Motivating Questions
  • How does the integral function \(A(x) = \int_1^x f(t) \, dt\) define an antiderivative of \(f\text{?}\)

  • What is the statement of the Second Fundamental Theorem of Calculus?

  • How do the First and Second Fundamental Theorems of Calculus enable us to formally see how differentiation and integration are almost inverse processes?

In Section 4.4, we learned the Fundamental Theorem of Calculus (FTC), which from here forward will be referred to as the First Fundamental Theorem of Calculus, as in this section we develop a corresponding result that follows it.
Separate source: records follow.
(* For every complex $s$ with $\Re(s)>3$, \[\sum_{k=1}^\infty (-1)^{k-1}k^2\,\zeta(s,k)=\tfrac{1}{2}\Big\{(1-2^{2-s}) \zeta(s-1)+(1-2^{3-s}) \zeta(s-2)\Big\}.\]
   Context: $\zeta(s,\alpha)=\sum_{n=0}^\infty (n+\alpha)^{-s}$ denotes the Hurwitz zeta function ($\Re(s)>1$, $\alpha>0$), and $\zeta(s)=\zeta(s,1)$ is the Riemann zeta function. *)

theory Defs
  imports "HOL-Analysis.Analysis"
begin

text \<open>Hurwitz zeta function, defined by its series (meaningful for Re s > 1, a > 0).\<close>
definition hurwitz_zeta :: "complex \<Rightarrow> real \<Rightarrow> complex" where
  "hurwitz_zeta s a = (\<Sum>n. (complex_of_real (real n + a)) powr (- s))"

definition riemann_zeta :: "complex \<Rightarrow> complex" where
  "riemann_zeta s = hurwitz_zeta s 1"

end

theory Submission
  imports Defs
begin

text \<open>
  Sum by parts against c(j) = sum over i < j of (-1)^i (i+1)^2 = (-1)^(j+1) j (j+1) / 2.
  The partial sums of the series become
  sum over m < K of c(m+1) (m+1)^(-s), plus c(K) zeta(s, K+1).
  Since c(m+1) (m+1)^(-s) = (-1)^m ((m+1)^(1-s) + (m+1)^(2-s)) / 2, the first sum tends to
  half the sum of two alternating zeta values, and the alternating zeta series at z equals
  (1 - 2^(1-z)) zeta(z). The boundary term is at most (K+1)^2 zeta(Re s, K+1), which is
  bounded by a tail of the convergent series of n^(2 - Re s) because Re s > 3.
\<close>

definition zeta_term :: "complex \<Rightarrow> nat \<Rightarrow> complex" where
  "zeta_term z m = (of_nat (Suc m) :: complex) powr (- z)"

lemma norm_zeta_term: "norm (zeta_term z m) = real (Suc m) powr (- Re z)"
proof -
  have "norm (zeta_term z m) = Re (of_nat (Suc m)) powr Re (-z)"
    unfolding zeta_term_def by (rule norm_powr_real_powr) auto
  thus ?thesis by simp
qed

lemma summable_real_powr_shift:
  assumes "a < -1"
  shows "summable (\<lambda>m. real (Suc m + k) powr a)"
proof -
  have "summable (\<lambda>n. real n powr a)"
    using assms summable_real_powr_iff by blast
  from summable_ignore_initial_segment[OF this, of "Suc k"]
  show ?thesis by (simp add: add.commute)
qed

lemma summable_norm_zeta_term_shift:
  assumes "Re z > 1"
  shows "summable (\<lambda>m. norm (zeta_term z (m + k)))"
  using summable_real_powr_shift[of "- Re z" k] assms by (simp add: norm_zeta_term)

lemma summable_zeta_term_shift:
  assumes "Re z > 1"
  shows "summable (\<lambda>m. zeta_term z (m + k))"
  by (rule summable_norm_cancel[OF summable_norm_zeta_term_shift[OF assms]])

lemma hurwitz_zeta_Suc_eq_suminf:
  "hurwitz_zeta s (real (Suc k)) = (\<Sum>n. zeta_term s (n + k))"
proof -
  have "\<And>n. complex_of_real (real n + real (Suc k)) = of_nat (Suc (n + k))"
    by simp
  thus ?thesis unfolding hurwitz_zeta_def zeta_term_def by presburger
qed

lemma riemann_zeta_eq_suminf: "riemann_zeta s = (\<Sum>n. zeta_term s n)"
  using hurwitz_zeta_Suc_eq_suminf[of s 0] by (simp add: riemann_zeta_def)

lemma suminf_zeta_term_shift_split_head:
  assumes "Re s > 1"
  shows "(\<Sum>n. zeta_term s (n + k)) = zeta_term s k + (\<Sum>n. zeta_term s (n + Suc k))"
  using suminf_split_head[OF summable_zeta_term_shift[OF assms, of k]] by simp

lemma zeta_term_double_Suc: "zeta_term z (n*2+1) = 2 powr (-z) * zeta_term z n"
proof -
  have "(of_nat (Suc (n*2+1)) :: complex) = of_real 2 * of_real (real (Suc n))" by simp
  hence "zeta_term z (n*2+1) = (of_real 2 * of_real (real (Suc n))) powr (-z)"
    unfolding zeta_term_def by metis
  also have "\<dots> = of_real 2 powr (-z) * of_real (real (Suc n)) powr (-z)"
    by (rule powr_times_real) auto
  finally show ?thesis by (simp add: zeta_term_def)
qed

lemma alternating_zeta_sums:
  assumes z: "Re z > 1"
  shows "(\<lambda>m. (-1)^m * zeta_term z m) sums ((1 - 2 powr (1 - z)) * riemann_zeta z)"
proof -
  have summable_zeta: "summable (zeta_term z)"
    using summable_zeta_term_shift[OF z, of 0] by simp
  have summable_alt: "summable (\<lambda>m. (-1)^m * zeta_term z m)"
    by (rule summable_norm_cancel)
      (use summable_norm_zeta_term_shift[OF z, of 0] in \<open>simp add: norm_mult norm_power\<close>)
  define \<zeta> where "\<zeta> = (\<Sum>n. zeta_term z n)"
  define \<eta> where "\<eta> = (\<Sum>m. (-1)^m * zeta_term z m)"
  define g where "g m = zeta_term z m - (-1)^m * zeta_term z m" for m
  have "g sums (\<zeta> - \<eta>)"
    unfolding g_def \<zeta>_def \<eta>_def by (intro sums_diff summable_sums summable_zeta summable_alt)
  from sums_group[OF this, of 2]
  have pairs_sum_diff: "(\<lambda>n. sum g {n*2..<n*2+2}) sums (\<zeta> - \<eta>)" by simp
  text \<open>\<open>\<zeta> - \<eta>\<close> is twice the sum over the even integers \<open>2(n+1)\<close>.\<close>
  have pair_eq: "sum g {n*2..<n*2+2} = 2 * 2 powr (-z) * zeta_term z n" for n
  proof -
    have even: "(-1::complex)^(n*2) = 1" by (simp add: mult.commute[of n] power_mult)
    hence odd: "(-1::complex)^(n*2+1) = -1" by simp
    have "sum g {n*2..<n*2+2} = g (n*2) + g (n*2+1)" by (simp add: numeral_2_eq_2)
    also have "\<dots> = 2 * zeta_term z (n*2+1)" unfolding g_def even odd by simp
    finally show ?thesis using zeta_term_double_Suc[of z n] by simp
  qed
  have "(\<lambda>n. sum g {n*2..<n*2+2}) sums (2 * 2 powr (-z) * \<zeta>)"
    unfolding pair_eq \<zeta>_def by (intro sums_mult summable_sums summable_zeta)
  hence "\<zeta> - \<eta> = 2 * 2 powr (-z) * \<zeta>" using sums_unique2[OF pairs_sum_diff] by blast
  moreover have "(2::complex) powr (1 - z) = 2 * 2 powr (-z)"
    using powr_add[of "2::complex" 1 "-z"] by simp
  ultimately have "\<eta> = (1 - 2 powr (1 - z)) * \<zeta>" by (simp add: algebra_simps)
  with summable_alt show ?thesis
    unfolding \<eta>_def \<zeta>_def riemann_zeta_eq_suminf using summable_sums by metis
qed

definition alt_square_sum :: "nat \<Rightarrow> complex" where
  "alt_square_sum j = (\<Sum>i<j. (-1)^i * (of_nat (Suc i))^2)"

lemma alt_square_sum_closed:
  "alt_square_sum j = (-1)^(Suc j) * of_nat j * of_nat (Suc j) / 2"
proof (induction j)
  case 0
  thus ?case by (simp add: alt_square_sum_def)
next
  case (Suc j)
  have "alt_square_sum (Suc j) = alt_square_sum j + (-1)^j * (of_nat (Suc j))^2"
    by (simp add: alt_square_sum_def)
  also have "\<dots> = (-1)^(Suc (Suc j)) * of_nat (Suc j) * of_nat (Suc (Suc j)) / 2"
    by (simp only: Suc.IH) (simp add: field_simps power2_eq_square)
  finally show ?case .
qed

lemma norm_alt_square_sum_le: "norm (alt_square_sum K) \<le> real (Suc K) ^ 2"
proof -
  have "norm (alt_square_sum K) = real K * real (Suc K) / 2"
    by (simp add: alt_square_sum_closed norm_mult norm_divide norm_power norm_of_nat
             del: of_nat_Suc)
  also have "\<dots> \<le> real (Suc K) ^ 2"
    by (simp add: power2_eq_square field_simps mult_mono)
  finally show ?thesis .
qed

lemma alt_square_sum_Suc_times_zeta_term:
  "alt_square_sum (Suc m) * zeta_term s m
     = (1/2) * ((-1)^m * zeta_term (s - 1) m + (-1)^m * zeta_term (s - 2) m)"
proof -
  define w :: complex where "w = of_nat (Suc m)"
  have "w \<noteq> 0" unfolding w_def by (rule of_nat_neq_0)
  have shift1: "zeta_term (s - 1) m = w * zeta_term s m"
    unfolding zeta_term_def w_def[symmetric] using powr_add[of w 1 "-s"] by simp
  have shift2: "zeta_term (s - 2) m = w^2 * zeta_term s m"
  proof -
    have "zeta_term (s - 2) m = w powr (2 + - s)"
      unfolding zeta_term_def w_def[symmetric] by simp
    also have "\<dots> = w powr 2 * w powr (-s)" by (rule powr_add)
    finally show ?thesis using \<open>w \<noteq> 0\<close> by (simp add: zeta_term_def w_def del: of_nat_Suc)
  qed
  have coeff: "alt_square_sum (Suc m) = (-1)^m * (w + w^2) / 2"
    by (simp add: alt_square_sum_closed w_def field_simps power2_eq_square)
  show ?thesis unfolding shift1 shift2 coeff by (simp add: algebra_simps)
qed

lemma partial_sums_by_parts:
  assumes "Re s > 1"
  shows "(\<Sum>k<K. (-1)^k * (of_nat (Suc k))^2 * hurwitz_zeta s (real (Suc k)))
      = (\<Sum>m<K. alt_square_sum (Suc m) * zeta_term s m)
        + alt_square_sum K * hurwitz_zeta s (real (Suc K))"
  unfolding hurwitz_zeta_Suc_eq_suminf
proof (induction K)
  case 0
  thus ?case by (simp add: alt_square_sum_def)
next
  case (Suc K)
  have "alt_square_sum (Suc K) = alt_square_sum K + (-1)^K * (of_nat (Suc K))^2"
    by (simp add: alt_square_sum_def)
  thus ?case
    using Suc suminf_zeta_term_shift_split_head[OF assms, of K]
    by (simp add: algebra_simps)
qed

lemma square_times_powr_le:
  fixes x y a :: real
  assumes "0 < y" "y \<le> x"
  shows "y^2 * x powr (-a) \<le> x powr (2 - a)"
proof -
  have "x > 0" using assms by linarith
  have "x powr (2 - a) = x powr 2 * x powr (-a)" using powr_add[of x 2 "-a"] by simp
  also have "x powr 2 = x^2" using \<open>x > 0\<close> by (simp add: powr_numeral)
  finally have split: "x powr (2 - a) = x^2 * x powr (-a)" .
  have "y^2 \<le> x^2" using assms by (intro power_mono) auto
  thus ?thesis unfolding split by (intro mult_right_mono) auto
qed

lemma norm_boundary_term_le:
  assumes "Re s > 3"
  shows "norm (alt_square_sum K * hurwitz_zeta s (real (Suc K)))
           \<le> (\<Sum>n. real (Suc (n + K)) powr (2 - Re s))"
proof -
  have summable_norms: "summable (\<lambda>n. norm (zeta_term s (n + K)))"
    using assms by (intro summable_norm_zeta_term_shift) auto
  have "norm (hurwitz_zeta s (real (Suc K))) \<le> (\<Sum>n. norm (zeta_term s (n + K)))"
    unfolding hurwitz_zeta_Suc_eq_suminf by (rule summable_norm[OF summable_norms])
  hence "norm (alt_square_sum K * hurwitz_zeta s (real (Suc K)))
           \<le> real (Suc K)^2 * (\<Sum>n. norm (zeta_term s (n + K)))"
    unfolding norm_mult by (intro mult_mono norm_alt_square_sum_le) auto
  also have "\<dots> = (\<Sum>n. real (Suc K)^2 * norm (zeta_term s (n + K)))"
    by (rule suminf_mult[OF summable_norms, symmetric])
  also have "\<dots> \<le> (\<Sum>n. real (Suc (n + K)) powr (2 - Re s))"
  proof (rule suminf_le)
    show "summable (\<lambda>n. real (Suc (n + K)) powr (2 - Re s))"
      using summable_real_powr_shift[of "2 - Re s" K] assms by simp
    show "real (Suc K)^2 * norm (zeta_term s (n + K)) \<le> real (Suc (n + K)) powr (2 - Re s)"
      for n unfolding norm_zeta_term by (rule square_times_powr_le) auto
  qed (use summable_norms in \<open>auto intro: summable_mult\<close>)
  finally show ?thesis .
qed

lemma boundary_term_tendsto_0:
  assumes "Re s > 3"
  shows "(\<lambda>K. alt_square_sum K * hurwitz_zeta s (real (Suc K))) \<longlonglongrightarrow> 0"
proof (rule Lim_null_comparison)
  have "summable (\<lambda>n. real (Suc n) powr (2 - Re s))"
    using summable_real_powr_shift[of "2 - Re s" 0] assms by simp
  from suminf_exist_split2[OF this]
  show "(\<lambda>K. \<Sum>n. real (Suc (n + K)) powr (2 - Re s)) \<longlonglongrightarrow> 0" by simp
qed (use norm_boundary_term_le[OF assms] in auto)

theorem mainTheorem9:
  fixes s :: complex
  assumes "Re s > 3"
  shows "(\<lambda>k. (-1) ^ k * (of_nat (Suc k))^2 * hurwitz_zeta s (real (Suc k))) sums
           ((1/2) * ((1 - 2 powr (2 - s)) * riemann_zeta (s - 1)
                   + (1 - 2 powr (3 - s)) * riemann_zeta (s - 2)))"
proof -
  have eta1: "(\<lambda>m. (-1)^m * zeta_term (s - 1) m)
                sums ((1 - 2 powr (2 - s)) * riemann_zeta (s - 1))"
    using alternating_zeta_sums[of "s - 1"] assms by (simp add: algebra_simps)
  have eta2: "(\<lambda>m. (-1)^m * zeta_term (s - 2) m)
                sums ((1 - 2 powr (3 - s)) * riemann_zeta (s - 2))"
    using alternating_zeta_sums[of "s - 2"] assms by (simp add: algebra_simps)
  have "(\<lambda>m. alt_square_sum (Suc m) * zeta_term s m)
          sums ((1/2) * ((1 - 2 powr (2 - s)) * riemann_zeta (s - 1)
                       + (1 - 2 powr (3 - s)) * riemann_zeta (s - 2)))"
    unfolding alt_square_sum_Suc_times_zeta_term by (intro sums_mult sums_add eta1 eta2)
  hence "(\<lambda>K. (\<Sum>m<K. alt_square_sum (Suc m) * zeta_term s m)
              + alt_square_sum K * hurwitz_zeta s (real (Suc K)))
          \<longlonglongrightarrow> (1/2) * ((1 - 2 powr (2 - s)) * riemann_zeta (s - 1)
                       + (1 - 2 powr (3 - s)) * riemann_zeta (s - 2)) + 0"
    unfolding sums_def by (intro tendsto_add boundary_term_tendsto_0 assms)
  with partial_sums_by_parts[of s] assms show ?thesis
    unfolding sums_def by simp
qed

end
In particular, recall that the First FTC tells us that if \(f\) is a continuous function on \([a,b]\) and \(F\) is any antiderivative of \(f\) (that is, \(F' = f\)), then

\begin{equation*} \int_a^b f(x) \, dx = F(b) - F(a). \end{equation*}

We have typically used this result in two settings: (1) where \(f\) is a function whose graph we know and for which we can compute the exact area bounded by \(f\) on a certain interval \([a,b]\text{,}\) we can compute the change in an antiderivative \(F\) over the interval; and (2) where \(f\) is a function for which it is easy to determine an algebraic formula for an antiderivative, we may evaluate the integral exactly and hence determine the net-signed area bounded by the function on the interval. For the former, see Preview Activity 5.1.1 or Activity 5.1.2. For the latter, we can easily evaluate exactly integrals such as

\begin{equation*} \int_1^4 x^2 \, dx, \end{equation*}

since we know that the function \(F(x) = \frac{1}{3}x^3\) is an antiderivative of \(f(x) = x^2\text{.}\) Thus,

\begin{align*} \int_1^4 x^2 \, dx =\mathstrut \amp \frac{1}{3}x^3 \bigg\vert_1^4\\ =\mathstrut \amp \frac{1}{3}(4)^3 - \frac{1}{3}(1)^3\\ =\mathstrut \amp 21. \end{align*}

Here we see that the First FTC can be viewed from at least two perspectives: first, as a tool to find the difference \(F(b) - F(a)\) for an antiderivative \(F\) of the integrand \(f\text{.}\) In this situation, we need to be able to determine the value of the integral \(\int_a^b f(x) \, dx\) exactly, perhaps through known geometric formulas for area. It is possible that we may not have a formula for \(F\) itself. From a second perspective, the First FTC provides a way to find the exact value of a definite integral, and hence a certain net-signed area exactly, by finding an antiderivative of the integrand and evaluating its total change over the interval. In this latter case, we need to know a formula for the antiderivative \(F\text{,}\) as this enables us to compute net-signed areas exactly through definite integrals, as demonstrated in Figure 5.2.1.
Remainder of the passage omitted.